Bei therapierefraktärem oder rezidivierendem Krankheitsverlauf kommen bei einzelnen Patienten auch immunmodulierende Ansätze infrage.
Bei erneutem Auftreten entzündlicher Symptome nach zunächst gutem Therapieansprechen muss ein entzündliches Immunrekonstitutionssyndrom (IRIS) in Erwägung gezogen werden. Risikofaktoren hierfür sind vorausgegangene immunsuppressive Therapien und eine ZNS-Beteiligung. Diagnostik und Therapie sollten frühzeitig in einem erfahrenen Zentrum erfolgen. Glukokortikoide scheinen therapeutisch meist wirksam zu sein.

Als Faustregel gilt

Verlaufskontrollen sollten nach 6 und 12 Mon. unter Verwendung der in der Primärdiagnostik angewandten Verfahren durchgeführt werden.
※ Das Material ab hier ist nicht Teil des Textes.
lemma card_image_remove_plus_card_pairs:
  assumes "finite F"
  shows "card ((\<lambda>A. A - {x}) ` F) + card {B\<in>F. x \<notin> B \<and> insert x B \<in> F} = card F"
proof -
  define Fa where "Fa = {A\<in>F. x \<notin> A}"
  define Fb where "Fb = {A\<in>F. x \<in> A}"
  have F: "F = Fa \<union> Fb" "Fa \<inter> Fb = {}" by (auto simp: Fa_def Fb_def)
  have "(\<lambda>A. A - {x}) ` Fa = Fa" by (force simp: Fa_def)
  then have img: "(\<lambda>A. A - {x}) ` F = Fa \<union> (\<lambda>A. A - {x}) ` Fb" by (simp add: F(1) image_Un)
  have pairs: "Fa \<inter> (\<lambda>A. A - {x}) ` Fb = {B\<in>F. x \<notin> B \<and> insert x B \<in> F}"
  proof (intro equalityI subsetI)
    fix B assume "B \<in> Fa \<inter> (\<lambda>A. A - {x}) ` Fb"
    then obtain A where "B \<in> F" "x \<notin> B" "A \<in> F" "x \<in> A" "B = A - {x}" by (auto simp: Fa_def Fb_def)
    then show "B \<in> {B\<in>F. x \<notin> B \<and> insert x B \<in> F}" by (simp add: insert_absorb)
  next
    fix B assume B: "B \<in> {B\<in>F. x \<notin> B \<and> insert x B \<in> F}"
    then have "B = insert x B - {x}" "insert x B \<in> Fb" by (auto simp: Fb_def)
    with B show "B \<in> Fa \<inter> (\<lambda>A. A - {x}) ` Fb" by (auto simp: Fa_def)
  qed
  have "inj_on (\<lambda>A. A - {x}) Fb" by (auto simp: inj_on_def Fb_def)
  moreover have "finite Fa" "finite Fb" using assms by (auto simp: Fa_def Fb_def)
  moreover have "card F = card Fa + card Fb" using F \<open>finite Fa\<close> \<open>finite Fb\<close> by (simp add: card_Un_disjoint)
  ultimately show ?thesis
    using card_Un_Int[of Fa "(\<lambda>A. A - {x}) ` Fb"] by (simp add: img pairs card_image)
qed

lemma shatters_if_shatters_image_remove:
  assumes "x \<notin> T" "shatters ((\<lambda>A. A - {x}) ` F) T"
  shows "shatters F T"
proof -
  have "(\<lambda>A. A \<inter> T) ` ((\<lambda>A. A - {x}) ` F) = (\<lambda>A. A \<inter> T) ` F"
    unfolding image_image using assms(1) by (intro image_cong) auto
  with assms(2) show ?thesis by (simp add: shatters_def)
qed

lemma shatters_insert_if_shatters_pairs:
  assumes "x \<notin> S" "shatters {B\<in>F. x \<notin> B \<and> insert x B \<in> F} S"
  shows "shatters F (insert x S)"
  unfolding shatters_def
proof (intro equalityI subsetI)
  fix U assume U: "U \<in> Pow (insert x S)"
  then have "U - {x} \<in> (\<lambda>A. A \<inter> S) ` {B\<in>F. x \<notin> B \<and> insert x B \<in> F}"
    using assms(2) by (auto simp: shatters_def)
  then obtain B where B: "B \<in> F" "x \<notin> B" "insert x B \<in> F" "B \<inter> S = U - {x}" by auto
  show "U \<in> (\<lambda>A. A \<inter> insert x S) ` F"
  proof (cases "x \<in> U")
    case True
    then have "U = insert x B \<inter> insert x S" using B(4) U by auto
    with B(3) show ?thesis by blast
  next
    case False
    then have "U = B \<inter> insert x S" using B(2,4) U by auto
    with B(1) show ?thesis by blast
  qed
qed auto

theorem card_le_card_shattered_subsets:
  assumes "finite X" "F \<subseteq> Pow X"
  shows "card F \<le> card {S. S \<subseteq> X \<and> shatters F S}"
  using assms
proof (induction X arbitrary: F rule: finite_induct)
  case empty
  show ?case
  proof (cases "F = {}")
    case False
    with empty.prems have "F = {{}}" by (simp add: subset_singleton_iff)
    moreover have "{S. S \<subseteq> {} \<and> shatters {{}} S} = {{}}" by (auto simp: shatters_def)
    ultimately show ?thesis by (metis order_refl)
  qed simp
next
  case (insert x X)
  define F0 where "F0 = (\<lambda>A. A - {x}) ` F"
  define F1 where "F1 = {B\<in>F. x \<notin> B \<and> insert x B \<in> F}"
  define Sh where "Sh G = {S. S \<subseteq> X \<and> shatters G S}" for G
  have "finite F" by (rule finite_subset[OF insert.prems]) (simp add: insert.hyps(1))
  have "card F = card F0 + card F1"
    unfolding F0_def F1_def using card_image_remove_plus_card_pairs[OF \<open>finite F\<close>] by simp
  also have "\<dots> \<le> card (Sh F0) + card (Sh F1)"
    unfolding Sh_def using insert.prems by (intro add_mono insert.IH) (auto simp: F0_def F1_def)
  also have "\<dots> = card (Sh F0 \<union> insert x ` Sh F1)"
  proof -
    have "finite (Sh G)" for G using insert.hyps(1) by (simp add: Sh_def)
    moreover have "Sh F0 \<inter> insert x ` Sh F1 = {}" using insert.hyps(2) by (auto simp: Sh_def)
    ultimately have "card (Sh F0 \<union> insert x ` Sh F1) = card (Sh F0) + card (insert x ` Sh F1)"
      by (intro card_Un_disjoint) auto
    moreover have "inj_on (insert x) (Sh F1)"
    proof (rule inj_onI)
      fix S1 S2 assume "S1 \<in> Sh F1" "S2 \<in> Sh F1" "insert x S1 = insert x S2"
      moreover have "x \<notin> S1" "x \<notin> S2" using calculation(1,2) insert.hyps(2) by (auto simp: Sh_def)
      ultimately show "S1 = S2" by (metis insert_ident)
    qed
    ultimately show ?thesis using card_image by metis
  qed
  also have "\<dots> \<le> card {S. S \<subseteq> insert x X \<and> shatters F S}"
  proof (rule card_mono)
    show "finite {S. S \<subseteq> insert x X \<and> shatters F S}" using insert.hyps(1) by simp
    have "x \<notin> S" if "S \<in> Sh G" for S G using that insert.hyps(2) by (auto simp: Sh_def)
    then show "Sh F0 \<union> insert x ` Sh F1 \<subseteq> {S. S \<subseteq> insert x X \<and> shatters F S}"
      unfolding F0_def F1_def
      by (auto intro: shatters_if_shatters_image_remove shatters_insert_if_shatters_pairs simp: Sh_def)
  qed
  finally show ?case .
qed

lemma card_subsets_card_le:
  assumes "finite X"
  shows "card {S. S \<subseteq> X \<and> card S \<le> k} \<le> (card X + 1) ^ k"
proof -
  have "{S. S \<subseteq> X \<and> card S \<le> k} = (\<Union>i\<le>k. {S. S \<subseteq> X \<and> card S = i})" by auto
  then have "card {S. S \<subseteq> X \<and> card S \<le> k} \<le> (\<Sum>i\<le>k. card X choose i)"
    using card_UN_le[of "{..k}" "\<lambda>i. {S. S \<subseteq> X \<and> card S = i}"] by (simp add: n_subsets assms)
  also have "\<dots> \<le> (\<Sum>i\<le>k. (k choose i) * card X ^ i * 1 ^ (k - i))"
  proof (rule sum_mono)
    fix i assume "i \<in> {..k}"
    then have "1 \<le> k choose i" by (simp add: Suc_leI)
    have "card X choose i \<le> card X ^ i"
      by (cases "i \<le> card X") (simp_all add: binomial_le_pow binomial_eq_0)
    also have "\<dots> \<le> (k choose i) * card X ^ i"
      using mult_le_mono1[OF \<open>1 \<le> k choose i\<close>, of "card X ^ i"] by simp
    finally show "card X choose i \<le> (k choose i) * card X ^ i * 1 ^ (k - i)" by simp
  qed
  also have "\<dots> = (card X + 1) ^ k" using binomial_ring[of "card X" 1 k] by simp
  finally show ?thesis .
qed

lemma card_small_Unions_le:
  assumes "finite T"
  shows "card {\<Union>G | G. G \<subseteq> T \<and> card G \<le> h} \<le> (card T + 1) ^ h"
proof -
  have "{\<Union>G | G. G \<subseteq> T \<and> card G \<le> h} = Union ` {G. G \<subseteq> T \<and> card G \<le> h}" by auto
  then have "card {\<Union>G | G. G \<subseteq> T \<and> card G \<le> h} \<le> card {G. G \<subseteq> T \<and> card G \<le> h}"
    using assms by (simp add: card_image_le)
  also have "\<dots> \<le> (card T + 1) ^ h" by (rule card_subsets_card_le[OF assms])
  finally show ?thesis .
qed

definition halfspace_traces :: "'a::euclidean_space set \<Rightarrow> 'a set set" where
  "halfspace_traces X = {{x\<in>X. c \<le> a \<bullet> x} | a c. True}"

text \<open>A Radon partition of a shattered set would be cut out by a halfspace, yet the convex
  hulls of its two parts meet.\<close>

lemma card_le_if_shatters_halfspace_traces:
  fixes X :: "'a::euclidean_space set"
  assumes "finite S" "S \<subseteq> X" "shatters (halfspace_traces X) S"
  shows "card S \<le> DIM('a) + 1"
proof (rule ccontr)
  assume "\<not> ?thesis"
  then have "affine_dependent S" using affine_dependent_biggerset[OF assms(1)] by simp
  then obtain M P where MP: "M \<inter> P = {}" "M \<union> P = S" "convex hull M \<inter> convex hull P \<noteq> {}"
    using Radon_partition[OF assms(1)] by blast
  have "M \<in> (\<lambda>A. A \<inter> S) ` halfspace_traces X" using assms(3) MP by (auto simp: shatters_def)
  then obtain a c where M: "M = {x\<in>X. c \<le> a \<bullet> x} \<inter> S" by (auto simp: halfspace_traces_def)
  then have "convex hull M \<subseteq> {x. c \<le> a \<bullet> x}"
    by (intro hull_minimal) (auto simp: convex_halfspace_ge)
  moreover have "P \<subseteq> {x. a \<bullet> x < c}"
  proof
    fix x assume "x \<in> P"
    then have "x \<in> X" "x \<in> S" "x \<notin> M" using MP assms(2) by auto
    then show "x \<in> {x. a \<bullet> x < c}" using M by (simp add: not_le)
  qed
  then have "convex hull P \<subseteq> {x. a \<bullet> x < c}"
    by (intro hull_minimal) (auto simp: convex_halfspace_lt)
  moreover obtain z where "z \<in> convex hull M" "z \<in> convex hull P" using MP(3) by blast
  ultimately have "c \<le> a \<bullet> z" "a \<bullet> z < c" by auto
  then show False by simp
qed

lemma card_halfspace_traces_le:
  fixes X :: "'a::euclidean_space set"
  assumes "finite X"
  shows "card (halfspace_traces X) \<le> (card X + 1) ^ (DIM('a) + 1)"
proof -
  have "card (halfspace_traces X) \<le> card {S. S \<subseteq> X \<and> shatters (halfspace_traces X) S}"
    using assms by (intro card_le_card_shattered_subsets) (auto simp: halfspace_traces_def)
  also have "\<dots> \<le> card {S. S \<subseteq> X \<and> card S \<le> DIM('a) + 1}"
    using assms card_le_if_shatters_halfspace_traces[OF finite_subset[OF _ assms]]
    by (intro card_mono) auto
  also have "\<dots> \<le> (card X + 1) ^ (DIM('a) + 1)" by (rule card_subsets_card_le[OF assms])
  finally show ?thesis .
qed

section \<open>Random colourings\<close>

lemma expectation_color_indicator:
  assumes "finite X" "x \<in> X" "j < r"
  shows "measure_pmf.expectation (Pi_pmf X 0 (\<lambda>_. pmf_of_set {..<r}))
           (\<lambda>f. if f x = j then 1 else 0 :: real) = 1 / real r"
proof -
  have "measure_pmf.expectation (Pi_pmf X 0 (\<lambda>_. pmf_of_set {..<r})) (\<lambda>f. if f x = j then 1 else 0 :: real)
      = measure_pmf.expectation (map_pmf (\<lambda>f. f x) (Pi_pmf X 0 (\<lambda>_. pmf_of_set {..<r})))
          (\<lambda>k. if k = j then 1 else 0 :: real)"
    by simp
  also have "map_pmf (\<lambda>f. f x) (Pi_pmf X 0 (\<lambda>_. pmf_of_set {..<r})) = pmf_of_set {..<r}"
    using assms by (simp add: Pi_pmf_component)
  also have "measure_pmf.expectation (pmf_of_set {..<r}) (\<lambda>k. if k = j then 1 else 0 :: real)
      = (\<Sum>k<r. if k = j then 1 else 0 :: real) / real r"
    using assms(3) by (subst integral_pmf_of_set) auto
  finally show ?thesis using assms(3) by simp
qed

lemma prob_color_class_deficit_le:
  assumes "finite X" "U \<subseteq> X" "U \<noteq> {}" "j < r" "lam \<ge> 0"
  defines "P \<equiv> Pi_pmf X 0 (\<lambda>_. pmf_of_set {..<r})"
  shows "measure_pmf.prob P {f. real (card {x\<in>U. f x = j}) < real (card U) / real r - lam}
           \<le> exp (-2 * lam\<^sup>2 / real (card X))"
proof -
  define Y where "Y = (\<lambda>x (f :: 'a \<Rightarrow> nat). if f x = j then 1 else 0 :: real)"
  have finU: "finite U" using assms(1,2) by (rule finite_subset[rotated])
  interpret H: Hoeffding_ineq "measure_pmf P" U Y "\<lambda>_. 0" "\<lambda>_. 1"
    "\<Sum>x\<in>U. measure_pmf.expectation P (Y x)"
  proof unfold_locales
    have "prob_space.indep_vars (measure_pmf P) (\<lambda>_. count_space UNIV) (\<lambda>x f. f x) U"
      unfolding P_def using indep_vars_Pi_pmf[OF assms(1)] assms(2)
      by (rule prob_space.indep_vars_subset[OF measure_pmf.prob_space_axioms])
    then show "prob_space.indep_vars (measure_pmf P) (\<lambda>_. borel) Y U"
      unfolding Y_def
      by (rule prob_space.indep_vars_compose2[where Y = "\<lambda>_ k. if k = j then 1 else 0 :: real",
            OF measure_pmf.prob_space_axioms]) auto
  qed (auto simp: Y_def finU)
  have sum_Y: "(\<Sum>x\<in>U. Y x f) = real (card {x\<in>U. f x = j})" for f
    using finU by (simp add: Y_def sum.If_cases Int_def conj_commute)
  have "(\<Sum>x\<in>U. measure_pmf.expectation P (Y x)) = (\<Sum>x\<in>U. 1 / real r)"
    using assms(1,2,4) by (intro sum.cong) (auto simp: P_def Y_def intro!: expectation_color_indicator)
  then have mean: "(\<Sum>x\<in>U. measure_pmf.expectation P (Y x)) = real (card U) / real r" by simp
  have "measure_pmf.prob P {f. real (card {x\<in>U. f x = j}) < real (card U) / real r - lam}
      \<le> measure_pmf.prob P {f \<in> space (measure_pmf P).
           (\<Sum>x\<in>U. Y x f) \<le> (\<Sum>x\<in>U. measure_pmf.expectation P (Y x)) - lam}"
    by (intro measure_pmf.finite_measure_mono) (auto simp: sum_Y mean)
  also have "\<dots> \<le> exp (-2 * lam\<^sup>2 / (\<Sum>x\<in>U. (1 - 0)\<^sup>2))"
    using assms(3) finU by (intro H.Hoeffding_ineq_le assms(5)) (simp add: card_gt_0_iff)
  also have "\<dots> \<le> exp (-2 * lam\<^sup>2 / real (card X))"
    using assms(3) finU card_mono[OF assms(1,2)]
    by (simp add: card_gt_0_iff frac_le)
  finally show ?thesis .
qed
Klinische Kontrollen werden lebenslang empfohlen.

Als Begleittherapie bei kachektischen Patienten ist neben ausreichendem Elektrolyt- und Vitaminersatz sowie wegen der häufiger bestehenden lymphatischen Abflussstörung an den Einsatz von mittelkettigen Triglyzeriden (MCT-Fetten) zu denken.

Genuine intestinale Lymphangiektasie

Definition
Lymphangiektasie, genuine intestinaleDie genuine (primäre) intestinale Lymphangiektasie wurde 1961 erstmals beschrieben und ist eine seltene, meist sporadisch auftretende Erkrankung mit gestörtem Lymphabfluss und konsekutiv erweiterten, intestinalen Mukosalymphbahnen. Sie stellt etwa ein Drittel der Ursachen der enteralen Eiweißverlustsyndrome nichtinfektiöser Ursache dar. Die Erkrankung wird oft in der Kindheit oder im (jungen) Erwachsenenalter diagnostiziert.
Klinisch äußert sich die intestinale Lymphangiektasie in
  • Exsudation von Plasmaproteinen. Darauf folgen

  • Steatorrhö und milde Diarrhö,

  • chylöse Ergüsse und

  • Aszites sowie oft

  • Ödeme der unteren Extremitäten.

  • Daneben finden sich im Labor eine Hypogammaglobulinämie, eine Hypoalbuminämie sowie eine Lymphopenie mit sekundärer Immunschwäche.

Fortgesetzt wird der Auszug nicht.